Running local agentic AI coding workflows without cloud subscriptions
Cloud coding assistants fail agentic workloads in a specific way: they hit quota walls mid-task, not mid-conversation. A chat session sends one prompt and waits. An agentic loop sends a planning prompt, reads a file, writes a diff, runs a linter, reads the error, and tries again, all before you’ve touched the keyboard. Each of those steps burns tokens, and the cumulative usage bears no resemblance to what quota calculators assume.

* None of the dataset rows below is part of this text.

(* Let $\omega\in(0,\pi/2]$, let $S$ be a monotone sofa with rotation angle $\omega$, and let $K=\mathcal{C}(S)$. Then $\mathcal{N}(K)\subseteq K$.
   Context: For $t\in\mathbb{R}$ put $u_t=(\cos t,\sin t)$, $v_t=(-\sin t,\cos t)$; $R_t$ is counterclockwise rotation about the origin by $t$. For nonempty compact $X$, $p_X(t)=\max_{p\in X}p\cdot u_t$; $H(t,h)=\{p:p\cdot u_t\le h\}$. The hallway is $L=L_H\cup L_V$, $L_H=(-\infty,1]\times[0,1]$, $L_V=[0,1]\times(-\infty,1]$. A moving sofa is a connected, nonempty, compact $S\subset\mathbb{R}^2$ such that some translate of $S$ lies in $L_H$ and can be moved by a continuous rigid motion inside $L$ to a subset of $L_V$; its rotation angle $\omega\in(0,\pi/2]$ is the total clockwise angle rotated (fixed data of the sofa). It is in standard position if $p_S(\omega)=p_S(\pi/2)=1$. Let $H=\mathbb{R}\times[0,1]$, $V=[0,1]\times\mathbb{R}$, $P_\omega=H\cap R_\omega(V)$. For nonempty compact $X$: $L_X(t)=R_t(L)+(p_X(t)-1)u_t+(p_X(t+\pi/2)-1)v_t$, $Q_X^+(t)=H(t,p_X(t))\cap H(t+\pi/2,p_X(t+\pi/2))$, $Q_X^-(t)=\{p:p\cdot u_t<p_X(t)-1,\ p\cdot v_t<p_X(t+\pi/2)-1\}$. A monotone sofa with rotation angle $\omega$ is a set $P_\omega\cap\bigcap_{0\le t\le\omega}L_{S'}(t)$ for some moving sofa $S'$ with rotation angle $\omega$ in standard position. $\mathcal{C}(S)=P_\omega\cap\bigcap_{0\le t\le\omega}Q_S^+(t)$. Fan $F_\omega=\{(x,y):y\ge0,\ x\cos\omega+y\sin\omega\ge0\}$; niche $\mathcal{N}(K)=F_\omega\cap\bigcup_{0\le t\le\omega}Q_K^-(t)$. *)

theory Defs
  imports "HOL-Analysis.Analysis"
begin

type_synonym pt = "real \<times> real"

definition uvec :: "real \<Rightarrow> pt" where "uvec t = (cos t, sin t)"
definition vvec :: "real \<Rightarrow> pt" where "vvec t = (- sin t, cos t)"

definition rot :: "real \<Rightarrow> pt \<Rightarrow> pt" where
  "rot t p = (fst p * cos t - snd p * sin t, fst p * sin t + snd p * cos t)"

definition supp :: "pt set \<Rightarrow> real \<Rightarrow> real" where
  "supp X t = Sup ((\<lambda>p. p \<bullet> uvec t) ` X)"

definition halfplane :: "real \<Rightarrow> real \<Rightarrow> pt set" where
  "halfplane t h = {p. p \<bullet> uvec t \<le> h}"

definition LH :: "pt set" where "LH = {p. fst p \<le> 1 \<and> 0 \<le> snd p \<and> snd p \<le> 1}"
definition LV :: "pt set" where "LV = {p. 0 \<le> fst p \<and> fst p \<le> 1 \<and> snd p \<le> 1}"
definition hallway :: "pt set" where "hallway = LH \<union> LV"

text \<open>Moving sofa with rotation angle \<omega>: continuous rigid motion
  p \<mapsto> R_{-\<theta>(s)} p + x(s), s \<in> [0,1], with \<theta>(0)=0 and \<theta>(1)=\<omega>
  (total clockwise rotation \<omega>), staying in L, starting in L_H and ending in L_V.\<close>
definition moving_sofa :: "pt set \<Rightarrow> real \<Rightarrow> bool" where
  "moving_sofa S \<omega> \<longleftrightarrow> connected S \<and> S \<noteq> {} \<and> compact S \<and>
     (\<exists>\<theta> :: real \<Rightarrow> real. \<exists>x :: real \<Rightarrow> pt.
        continuous_on {0..1} \<theta> \<and> continuous_on {0..1} x \<and>
        \<theta> 0 = 0 \<and> \<theta> 1 = \<omega> \<and>
        (\<forall>s\<in>{0..1}. (\<lambda>p. rot (- \<theta> s) p + x s) ` S \<subseteq> hallway) \<and>
        (\<lambda>p. rot (- \<theta> 0) p + x 0) ` S \<subseteq> LH \<and>
        (\<lambda>p. rot (- \<theta> 1) p + x 1) ` S \<subseteq> LV)"

definition standard_position :: "pt set \<Rightarrow> real \<Rightarrow> bool" where
  "standard_position S \<omega> \<longleftrightarrow> supp S \<omega> = 1 \<and> supp S (pi/2) = 1"

definition Hstrip :: "pt set" where "Hstrip = {p. 0 \<le> snd p \<and> snd p \<le> 1}"
definition Vstrip :: "pt set" where "Vstrip = {p. 0 \<le> fst p \<and> fst p \<le> 1}"

definition Pw :: "real \<Rightarrow> pt set" where "Pw \<omega> = Hstrip \<inter> rot \<omega> ` Vstrip"

definition LX :: "pt set \<Rightarrow> real \<Rightarrow> pt set" where
  "LX X t = (\<lambda>q. rot t q + (supp X t - 1) *\<^sub>R uvec t + (supp X (t + pi/2) - 1) *\<^sub>R vvec t) ` hallway"

definition Qplus :: "pt set \<Rightarrow> real \<Rightarrow> pt set" where
  "Qplus X t = halfplane t (supp X t) \<inter> halfplane (t + pi/2) (supp X (t + pi/2))"

definition Qminus :: "pt set \<Rightarrow> real \<Rightarrow> pt set" where
  "Qminus X t = {p. p \<bullet> uvec t < supp X t - 1 \<and> p \<bullet> vvec t < supp X (t + pi/2) - 1}"

definition monotone_sofa :: "real \<Rightarrow> pt set \<Rightarrow> bool" where
  "monotone_sofa \<omega> S \<longleftrightarrow> (\<exists>S'. moving_sofa S' \<omega> \<and> standard_position S' \<omega> \<and>
      S = Pw \<omega> \<inter> (\<Inter>t\<in>{0..\<omega>}. LX S' t))"

definition cap :: "real \<Rightarrow> pt set \<Rightarrow> pt set" where
  "cap \<omega> S = Pw \<omega> \<inter> (\<Inter>t\<in>{0..\<omega>}. Qplus S t)"

definition fan :: "real \<Rightarrow> pt set" where
  "fan \<omega> = {p. snd p \<ge> 0 \<and> fst p * cos \<omega> + snd p * sin \<omega> \<ge> 0}"

definition niche :: "real \<Rightarrow> pt set \<Rightarrow> pt set" where
  "niche \<omega> K = fan \<omega> \<inter> (\<Union>t\<in>{0..\<omega>}. Qminus K t)"

end

theory Submission
  imports Defs
begin

text \<open>Let S' be the moving sofa generating S. Since S' lies in S and S lies in the hallways
  L_{S'}(t), the two sets have the same support function in the directions that matter, so
  K = C(S'). A point p of the niche lies, for some t, strictly inside the inner corner of the
  hallway L_{S'}(t). The connected set S' lies in that hallway and reaches both of its arms, so it
  meets the inner quadrant in a point d, which dominates p in every direction u_s with
  t \<le> s \<le> t + \<pi>/2. In the directions u_s with s < t, a point a of S' beyond p + u_t in the
  direction u_t dominates p, because the y-coordinates of p and a differ by at most 1; the
  directions beyond t + \<pi>/2 are handled symmetrically with the strip 0 \<le> x \<bullet> u_\<omega> \<le> 1.
  Hence p \<bullet> u_s \<le> p_{S'}(s) for all s \<in> [0, \<omega> + \<pi>/2], which puts p into C(S') = K.\<close>

lemma inner_uvec: "p \<bullet> uvec t = fst p * cos t + snd p * sin t"
  by (cases p) (simp add: uvec_def)

lemma vvec_eq_uvec: "vvec t = uvec (t + pi/2)"
  by (simp add: uvec_def vvec_def cos_add sin_add)

lemma rot_eq_frame: "rot t q = fst q *\<^sub>R uvec t + snd q *\<^sub>R vvec t"
  by (simp add: rot_def uvec_def vvec_def)

lemma frame_inner:
  "uvec t \<bullet> uvec t = 1" "vvec t \<bullet> vvec t = 1" "uvec t \<bullet> vvec t = 0" "vvec t \<bullet> uvec t = 0"
  by (simp_all add: uvec_def vvec_def power2_eq_square[symmetric])

lemma frame_expansion: "z = (z \<bullet> uvec t) *\<^sub>R uvec t + (z \<bullet> vvec t) *\<^sub>R vvec t"
proof -
  have pyth: "cos t * cos t + sin t * sin t = 1" by (rule sin_cos_squared_add3)
  have "fst z = (fst z * cos t + snd z * sin t) * cos t - (snd z * cos t - fst z * sin t) * sin t"
    using pyth by algebra
  moreover have "snd z = (fst z * cos t + snd z * sin t) * sin t + (snd z * cos t - fst z * sin t) * cos t"
    using pyth by algebra
  ultimately show ?thesis
    by (simp add: uvec_def vvec_def inner_prod_def prod_eq_iff)
qed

Google’s Gemini free tier is a clear example. The headline rate looks generous until you account for context re-injection. Agentic tools like Cline re-send the full conversation and file context with each step. A 100,000-token context window, cycled ten times through a single bug fix, consumes a million input tokens before a line ships. Free tier weekly caps collapse in hours, not days. Paid tiers are not immune; metered consumption models mean a busy day of agentic coding produces a bill that scales with the number of reasoning steps taken, not the number of features completed.
The calculation changes when the model runs locally. No rate resets, no quota emails, no API key revocations mid-refactor.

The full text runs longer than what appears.